Niger coup: Lessons learned and the dark road ahead

The challenges impeding ECOWAS from carrying out its ultimatums autonomously and without the support of France and the US are becoming increasingly apparent.

A supporter of Niger's National Council of Safeguard of the Homeland (CNSP) holds a placard of Niger's new military ruler, General Abdourahamane Tiani, as they gather at Place de la Concertation in Niamey on August 20, 2023.
AFP
A supporter of Niger's National Council of Safeguard of the Homeland (CNSP) holds a placard of Niger's new military ruler, General Abdourahamane Tiani, as they gather at Place de la Concertation in Niamey on August 20, 2023.

Niger coup: Lessons learned and the dark road ahead

Niger has played a significant role in the security framework of the Western Sahel region, and has been of strategic importance to both France and the United States.

In addition to hosting their military bases, Niger has received significant international support in recent years, including a €500mn cash injection from the European Union in 2021 and €120mn from France in 2022. Additionally, during the official visit of US Secretary of State Antony Blinken to Niamey in March 2023, an additional $150mn in direct financial assistance was announced.

Niger has experienced a relatively stable security environment. Despite the rise in casualties from terrorist attacks across all ECOWAS nations after 2021, Niger notably saw an 80% reduction in civilian losses in 2022.

According to a report presented to the Security Council by ECOWAS Chairperson Omar Touray, there were only 77 civilian casualties documented among a total of 4,593 recorded terrorist attacks during the first half of 2023.
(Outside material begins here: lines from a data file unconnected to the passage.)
(* Let $M$ be a modular lattice of finite length. Then $S^\delta(M)=\{a\in M: a^{+*}=a\}$, and the maps $x\mapsto x^*$ from $S(M)$ to $S^\delta(M)$ and $a\mapsto a^+$ from $S^\delta(M)$ to $S(M)$ are mutually inverse order isomorphisms (with both sets ordered as in $M$); in particular $S(M)$ and $S^\delta(M)$ are isomorphic lattices.
   Context: $M$ is a modular lattice of finite length (every chain finite) with least element $0$ and greatest element $1$. For $a\in M$: $a^*$ is the join of all elements covering $a$ if $a<1$, and $1^*=1$; $a^+$ is the meet of all elements covered by $a$ if $a>0$, and $0^+=0$; $a^{+*}=(a^+)^*$. An interval $[a,b]$ is \emph{atomistic} if every element of it is a join of atoms of $[a,b]$ (elements covering $a$). The \emph{skeleton} $S(M)$ is the set of least elements of the maximal (under inclusion) atomistic intervals of $M$; the \emph{dual skeleton} $S^\delta(M)$ is the set of greatest elements of the maximal atomistic intervals of $M$. *)

theory Defs
  imports Main
begin

text \<open>A lattice of finite length is complete, so we work in a complete lattice type;
  its Sup/Inf are then the (unique) joins/meets determined by the order.\<close>

definition modular_lattice :: "'a::lattice itself \<Rightarrow> bool" where
  "modular_lattice _ \<longleftrightarrow> (\<forall>x y z :: 'a. x \<le> z \<longrightarrow> sup x (inf y z) = inf (sup x y) z)"

definition finite_length :: "'a::order itself \<Rightarrow> bool" where
  "finite_length _ \<longleftrightarrow> (\<forall>C :: 'a set. (\<forall>x\<in>C. \<forall>y\<in>C. x \<le> y \<or> y \<le> x) \<longrightarrow> finite C)"

definition covers :: "'a::order \<Rightarrow> 'a \<Rightarrow> bool" where
  "covers a b \<longleftrightarrow> a < b \<and> \<not> (\<exists>c. a < c \<and> c < b)"

definition star :: "'a::complete_lattice \<Rightarrow> 'a" where
  "star a = (if a = top then top else Sup {b. covers a b})"

definition plus :: "'a::complete_lattice \<Rightarrow> 'a" where
  "plus a = (if a = bot then bot else Inf {b. covers b a})"

definition interval :: "'a::order \<Rightarrow> 'a \<Rightarrow> 'a set" where
  "interval a b = {x. a \<le> x \<and> x \<le> b}"

text \<open>Atomistic interval [a,b]: every element is a join (taken in [a,b], so the empty
  join is a) of atoms of [a,b].\<close>
definition atomistic :: "'a::complete_lattice \<Rightarrow> 'a \<Rightarrow> bool" where
  "atomistic a b \<longleftrightarrow> a \<le> b \<and>
     (\<forall>x\<in>interval a b. \<exists>A. A \<subseteq> {p. covers a p \<and> p \<le> b} \<and> x = sup a (Sup A))"

definition max_atomistic :: "'a::complete_lattice \<Rightarrow> 'a \<Rightarrow> bool" where
  "max_atomistic a b \<longleftrightarrow> atomistic a b \<and>
     (\<forall>c d. atomistic c d \<and> interval a b \<subseteq> interval c d \<longrightarrow> interval a b = interval c d)"

definition skeleton :: "'a::complete_lattice set" where
  "skeleton = {a. \<exists>b. max_atomistic a b}"

definition dual_skeleton :: "'a::complete_lattice set" where
  "dual_skeleton = {b. \<exists>a. max_atomistic a b}"

end

theory Submission
  imports Defs "HOL-Library.Dual_Ordered_Lattice"
begin

text \<open>In a modular lattice of finite length an interval \<open>[a,b]\<close> is atomistic iff it is
  complemented. The interval \<open>[a, a\<^sup>*]\<close> is complemented, and every complemented
  \<open>[a,b]\<close> has \<open>b \<le> a\<^sup>*\<close>; dually \<open>[b\<^sup>+, b]\<close> is complemented and
  \<open>b\<^sup>+ \<le> a\<close>. Hence the maximal atomistic intervals are exactly the \<open>[a,b]\<close> with
  \<open>b = a\<^sup>*\<close> and \<open>a = b\<^sup>+\<close>. Both operators are monotone (by modularity, an atom
  over \<open>a\<close> not below \<open>b \<ge> a\<close> transposes to an atom over \<open>b\<close>), so they restrict to
  mutually inverse order isomorphisms between the skeleton and the dual skeleton. Every fact
  about \<open>plus\<close> is obtained from its counterpart about \<open>star\<close> in the order dual.\<close>

unbundle lattice_syntax

section \<open>Order duality\<close>

lemma modular_lattice_dual:
  assumes "modular_lattice TYPE('a::lattice)"
  shows "modular_lattice TYPE('a dual)"
  unfolding modular_lattice_def
proof (intro allI impI)
  fix x y z :: "'a dual"
  assume "x \<le> z"
  then have "undual z \<squnion> (undual y \<sqinter> undual x) = (undual z \<squnion> undual y) \<sqinter> undual x"
    using assms unfolding modular_lattice_def by (simp add: dual_less_eq_iff)
  then have "undual x \<sqinter> (undual y \<squnion> undual z) = (undual x \<sqinter> undual y) \<squnion> undual z"
    by (simp only: inf_commute sup_commute)
  then show "x \<squnion> (y \<sqinter> z) = (x \<squnion> y) \<sqinter> z"
    by (simp add: dual_eq_iff)
qed

lemma finite_length_dual:
  assumes "finite_length TYPE('a::order)"
  shows "finite_length TYPE('a dual)"
  unfolding finite_length_def
proof (intro allI impI)
  fix C :: "'a dual set"
  assume "\<forall>x\<in>C. \<forall>y\<in>C. x \<le> y \<or> y \<le> x"
  then have "finite (undual ` C)"
    using assms unfolding finite_length_def by (auto simp: dual_less_eq_iff)
  then show "finite C"
    by (meson finite_imageD inj_undual inj_on_subset subset_UNIV)
qed

lemma covers_dual_iff: "covers (dual a) (dual b) \<longleftrightarrow> covers b a"
  unfolding covers_def by (metis dual_undual less_dual_iff)

lemma upper_covers_dual: "{c. covers (dual a) c} = dual ` {c. covers c a}"
  by (auto simp: image_iff) (metis covers_dual_iff dual_undual)+

lemma dual_eq_top_iff: "dual a = \<top> \<longleftrightarrow> a = \<bottom>"
  by (metis dual_bot_eq eq_dual_iff)

lemma star_dual: "star (dual a) = dual (plus a)"
  unfolding star_def plus_def by (simp add: upper_covers_dual dual_eq_top_iff)

section \<open>Covers and the operators \<open>star\<close> and \<open>plus\<close>\<close>

lemma finite_length_ex_maximal:
  assumes "finite_length TYPE('a::order)" and "x \<in> S"
  shows "\<exists>m\<in>S. \<forall>y\<in>S. \<not> m < (y::'a)"
proof -
  have "wf {(x, y :: 'a). y < x}"
    unfolding wf_iff_no_infinite_down_chain
  proof
    assume "\<exists>f. \<forall>i. (f (Suc i), f i) \<in> {(x, y :: 'a). y < x}"
    then obtain f :: "nat \<Rightarrow> 'a" where "strict_mono f"
      by (auto simp: strict_mono_Suc_iff)
    have "f i \<le> f j \<or> f j \<le> f i" for i j
      using nat_le_linear[of i j] strict_mono_mono[OF \<open>strict_mono f\<close>] by (auto dest: monoD)
    then have "finite (range f)"
      by (intro assms(1)[unfolded finite_length_def, rule_format]) auto
    moreover have "infinite (range f)"
      using \<open>strict_mono f\<close> finite_imageD strict_mono_imp_inj_on by blast
    ultimately show False
      by contradiction
  qed
  then obtain m where "m \<in> S" and "\<And>y. (y, m) \<in> {(x, y). y < x} \<Longrightarrow> y \<notin> S"
    using wfE_min assms(2) by metis
  then show ?thesis
    by blast
qed

lemma finite_length_ex_minimal:
  assumes "finite_length TYPE('a::order)" and "x \<in> S"
  shows "\<exists>m\<in>S. \<forall>y\<in>S. \<not> y < (m::'a)"
  using finite_length_ex_maximal[OF finite_length_dual[OF assms(1)], of "dual x" "dual ` S"] assms(2)
  by auto

lemma ex_upper_cover_le:
  assumes "finite_length TYPE('a::order)" and "a < (b::'a)"
  shows "\<exists>c. covers a c \<and> c \<le> b"
proof -
  obtain c where "a < c" "c \<le> b" and "\<forall>y. a < y \<and> y \<le> b \<longrightarrow> \<not> y < c"
    using finite_length_ex_minimal[OF assms(1), of b "{c. a < c \<and> c \<le> b}"] assms(2) by auto
  then show ?thesis
    unfolding covers_def by (meson less_imp_le order_trans)
qed

lemma modularD:
  assumes "modular_lattice TYPE('a::lattice)" and "x \<le> (z::'a)"
  shows "x \<squnion> (y \<sqinter> z) = (x \<squnion> y) \<sqinter> z"
  using assms unfolding modular_lattice_def by blast

lemma covers_inf_cases:
  assumes "covers a p" and "a \<le> w"
  shows "p \<sqinter> w = a \<or> p \<le> (w::'a::lattice)"
  using assms unfolding covers_def
  by (metis inf.absorb_iff1 inf.orderE inf_le1 le_inf_iff order_le_less)

lemma covers_sup_transpose:
  assumes "modular_lattice TYPE('a::lattice)"
    and "covers a p" and "a \<le> t" and "\<not> p \<le> (t::'a)"
  shows "covers t (t \<squnion> p)"
  unfolding covers_def
proof (intro conjI notI)
  show "t < t \<squnion> p"
    using assms(4) by (simp add: less_le_not_le)
next
  assume "\<exists>c. t < c \<and> c < t \<squnion> p"
  then obtain c where c: "t < c" "c < t \<squnion> p"
    by blast
  show False
    using covers_inf_cases[OF assms(2), of c]
  proof
    assume "p \<sqinter> c = a"
    have "c = t \<squnion> (p \<sqinter> c)"
      using modularD[OF assms(1), of t c p] c by (simp add: inf.absorb2 less_imp_le)
    with \<open>p \<sqinter> c = a\<close> c(1) assms(3) show False
      by (simp add: sup.absorb1)
  qed (use assms(3) c in \<open>auto simp: less_le_not_le\<close>)
qed

lemma le_star:
  assumes "finite_length TYPE('a::complete_lattice)"
  shows "a \<le> star (a::'a)"
proof (cases "a = \<top>")
  case False
  then obtain c where "covers a c"
    using ex_upper_cover_le[OF assms, of a \<top>] top.not_eq_extremum by blast
  then show ?thesis
    using False unfolding star_def by (auto simp: covers_def intro: Sup_upper2 less_imp_le)
qed (simp add: star_def)

lemma star_mono:
  assumes "modular_lattice TYPE('a::complete_lattice)" and "finite_length TYPE('a)"
    and "a \<le> (b::'a)"
  shows "star a \<le> star b"
proof (cases "b = \<top>")
  case False
  then have "a \<noteq> \<top>"
    using assms(3) top.extremum_uniqueI by blast
  have "c \<le> star b" if "covers a c" for c
  proof (cases "c \<le> b")
    case True
    then show ?thesis
      using le_star[OF assms(2)] order_trans by blast
  next
    case False
    then have "b \<squnion> c \<in> {d. covers b d}"
      using covers_sup_transpose[OF assms(1) that assms(3)] by blast
    then have "b \<squnion> c \<le> \<Squnion>{d. covers b d}"
      by (rule Sup_upper)
    with \<open>b \<noteq> \<top>\<close> show ?thesis
      by (simp add: star_def)
  qed
  then have "\<Squnion>{c. covers a c} \<le> star b"
    by (blast intro: Sup_least)
  with \<open>a \<noteq> \<top>\<close> show ?thesis
    by (simp add: star_def[of a])
qed (simp add: star_def)

lemma plus_mono:
  assumes "modular_lattice TYPE('a::complete_lattice)" and "finite_length TYPE('a)"
    and "a \<le> (b::'a)"
  shows "plus a \<le> plus b"
  using star_mono[OF modular_lattice_dual[OF assms(1)] finite_length_dual[OF assms(2)],
      of "dual b" "dual a"] assms(3)
  by (simp add: star_dual)

section \<open>Complemented intervals\<close>

definition complemented_interval :: "'a::lattice \<Rightarrow> 'a \<Rightarrow> bool" where
  "complemented_interval a b \<longleftrightarrow>
     a \<le> b \<and> (\<forall>x\<in>interval a b. \<exists>y\<in>interval a b. x \<sqinter> y = a \<and> x \<squnion> y = b)"

lemma interval_dual: "interval (dual b) (dual a) = dual ` interval a b"
  unfolding interval_def by (auto simp: image_iff) (metis dual_undual less_eq_dual_iff)

lemma complemented_interval_dual_iff:
  "complemented_interval (dual b) (dual a) \<longleftrightarrow> complemented_interval a (b::'a::lattice)"
  unfolding complemented_interval_def interval_dual
  by (auto simp del: dual_sup_eq dual_inf_eq
      simp add: dual_sup_eq[symmetric] dual_inf_eq[symmetric] inf_commute sup_commute)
However, the past three years have seen a series of military coups in Mali (2020, 2021), Guinea (2021), Burkina Faso (2022), and most recently Niger (2023), prompting questions about the fundamental strategy behind the extensive military intervention undertaken by both the United States and France in the region.

Increasing resentment

Undoubtedly, the presence of these foreign military forces has contributed to the emergence of resentment towards Western powers across the African Sahel region. At the same time, this situation has provided opportunities for strategic rivals of Western nations, including Russia and China, to expand their influence.

AFP
Demonstrators protest against sanctions imposed on Niger due to the coup, in Niamey on August 20.

Conversely, entities operating outside the jurisdiction of official state authorities, encompassing state-sanctioned paramilitary units, various militias, and groups such as al-Qaeda in the Islamic Maghreb, the Group for Support of Islam and Muslims (Jama’at Nasr Al-Islam Wal Muslimin), and the Islamic State in the Greater Sahara (ISGS), have effectively solidified their control.

Given the heightened Western engagement, these entities have evolved into de facto governing bodies, and in certain cases, quasi-sovereign entities across the territories under their control.

ECOWAS member states are well aware that a large-scale armed conflict would worsen the region's existing instability. The mere mention of a military intervention has been enough to divide West African nations and the Sahel region.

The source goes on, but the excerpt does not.